Activity: The answer is the complete listing below, written out again exactly.

Data extracts:
>>>>>

(* Let $p$ be a prime, let $G,H$ be finite groups, and let $U\leq G\times H$ be a subdirect product. Write $K=k_1(U)$ and $q(U)=G/K$. Then $U$ is $p$-extensible if one of the following conditions holds: (i) the $p$-primary part of the Schur multiplier $M(q(U))=H_2(q(U),\mathbb{Z})$ is trivial; (ii) the $p$-primary component of the coinflation map $\alpha: H_2(G,\mathbb{Z})\to H_2(G/K,\mathbb{Z})$ is surjective.
   Context: For finite groups $G,H$ and $U\leq G\times H$: $p_1(U)=\{g\in G:\exists h,(g,h)\in U\}$, $p_2(U)=\{h\in H:\exists g,(g,h)\in U\}$, $k_1(U)=\{g\in G:(g,1)\in U\}$, $k_2(U)=\{h\in H:(1,h)\in U\}$. $U$ is a subdirect product if $p_1(U)=G$ and $p_2(U)=H$. The Goursat quotient is $q(U)=p_1(U)/k_1(U)$ (isomorphic to $p_2(U)/k_2(U)$). An abelian group $A$ satisfies the Hypothesis (with set of primes $\pi$) if there is a unique set of primes $\pi$ such that for every $n\in\mathbb{N}$ the $n$-torsion part of $A$ is cyclic of order $n_\pi$ (the $\pi$-part of $n$). $U$ is $A$-extensible if every homomorphism $U\to A$ extends to a homomorphism $G\times H\to A$. $U$ is $p$-extensible if it is $A$-extensible for every abelian group $A$ satisfying the Hypothesis with $\pi=\{p\}$. The coinflation map is the first map $\alpha$ in the five-term exact sequence $H_2(G)\xrightarrow{\alpha} H_2(G/K)\to H_1(K)_{G/K}\to H_1(G)\to H_1(G/K)\to 0$ of the extension $1\to K\to G\to G/K\to 1$ (induced by the projection $G\to G/K$); homology is with integer coefficients. *)

theory Defs
  imports "HOL-Algebra.Algebra" "HOL-Computational_Algebra.Primes"
begin

definition p1 :: "('g \<times> 'h) set \<Rightarrow> 'g set" where
  "p1 U = {g. \<exists>h. (g, h) \<in> U}"

definition p2 :: "('g \<times> 'h) set \<Rightarrow> 'h set" where
  "p2 U = {h. \<exists>g. (g, h) \<in> U}"

definition k1 :: "('h, 'y) monoid_scheme \<Rightarrow> ('g \<times> 'h) set \<Rightarrow> 'g set" where
  "k1 H U = {g. (g, \<one>\<^bsub>H\<^esub>) \<in> U}"

definition k2 :: "('g, 'x) monoid_scheme \<Rightarrow> ('g \<times> 'h) set \<Rightarrow> 'h set" where
  "k2 G U = {h. (\<one>\<^bsub>G\<^esub>, h) \<in> U}"

definition subdirect_product ::
  "('g, 'x) monoid_scheme \<Rightarrow> ('h, 'y) monoid_scheme \<Rightarrow> ('g \<times> 'h) set \<Rightarrow> bool" where
  "subdirect_product G H U \<longleftrightarrow>
     subgroup U (G \<times>\<times> H) \<and> p1 U = carrier G \<and> p2 U = carrier H"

<<<<<

Output of the task:
(* Let $p$ be a prime, let $G,H$ be finite groups, and let $U\leq G\times H$ be a subdirect product. Write $K=k_1(U)$ and $q(U)=G/K$. Then $U$ is $p$-extensible if one of the following conditions holds: (i) the $p$-primary part of the Schur multiplier $M(q(U))=H_2(q(U),\mathbb{Z})$ is trivial; (ii) the $p$-primary component of the coinflation map $\alpha: H_2(G,\mathbb{Z})\to H_2(G/K,\mathbb{Z})$ is surjective.
   Context: For finite groups $G,H$ and $U\leq G\times H$: $p_1(U)=\{g\in G:\exists h,(g,h)\in U\}$, $p_2(U)=\{h\in H:\exists g,(g,h)\in U\}$, $k_1(U)=\{g\in G:(g,1)\in U\}$, $k_2(U)=\{h\in H:(1,h)\in U\}$. $U$ is a subdirect product if $p_1(U)=G$ and $p_2(U)=H$. The Goursat quotient is $q(U)=p_1(U)/k_1(U)$ (isomorphic to $p_2(U)/k_2(U)$). An abelian group $A$ satisfies the Hypothesis (with set of primes $\pi$) if there is a unique set of primes $\pi$ such that for every $n\in\mathbb{N}$ the $n$-torsion part of $A$ is cyclic of order $n_\pi$ (the $\pi$-part of $n$). $U$ is $A$-extensible if every homomorphism $U\to A$ extends to a homomorphism $G\times H\to A$. $U$ is $p$-extensible if it is $A$-extensible for every abelian group $A$ satisfying the Hypothesis with $\pi=\{p\}$. The coinflation map is the first map $\alpha$ in the five-term exact sequence $H_2(G)\xrightarrow{\alpha} H_2(G/K)\to H_1(K)_{G/K}\to H_1(G)\to H_1(G/K)\to 0$ of the extension $1\to K\to G\to G/K\to 1$ (induced by the projection $G\to G/K$); homology is with integer coefficients. *)

theory Defs
  imports "HOL-Algebra.Algebra" "HOL-Computational_Algebra.Primes"
begin

definition p1 :: "('g \<times> 'h) set \<Rightarrow> 'g set" where
  "p1 U = {g. \<exists>h. (g, h) \<in> U}"

definition p2 :: "('g \<times> 'h) set \<Rightarrow> 'h set" where
  "p2 U = {h. \<exists>g. (g, h) \<in> U}"

definition k1 :: "('h, 'y) monoid_scheme \<Rightarrow> ('g \<times> 'h) set \<Rightarrow> 'g set" where
  "k1 H U = {g. (g, \<one>\<^bsub>H\<^esub>) \<in> U}"

definition k2 :: "('g, 'x) monoid_scheme \<Rightarrow> ('g \<times> 'h) set \<Rightarrow> 'h set" where
  "k2 G U = {h. (\<one>\<^bsub>G\<^esub>, h) \<in> U}"

definition subdirect_product ::
  "('g, 'x) monoid_scheme \<Rightarrow> ('h, 'y) monoid_scheme \<Rightarrow> ('g \<times> 'h) set \<Rightarrow> bool" where
  "subdirect_product G H U \<longleftrightarrow>
     subgroup U (G \<times>\<times> H) \<and> p1 U = carrier G \<and> p2 U = carrier H"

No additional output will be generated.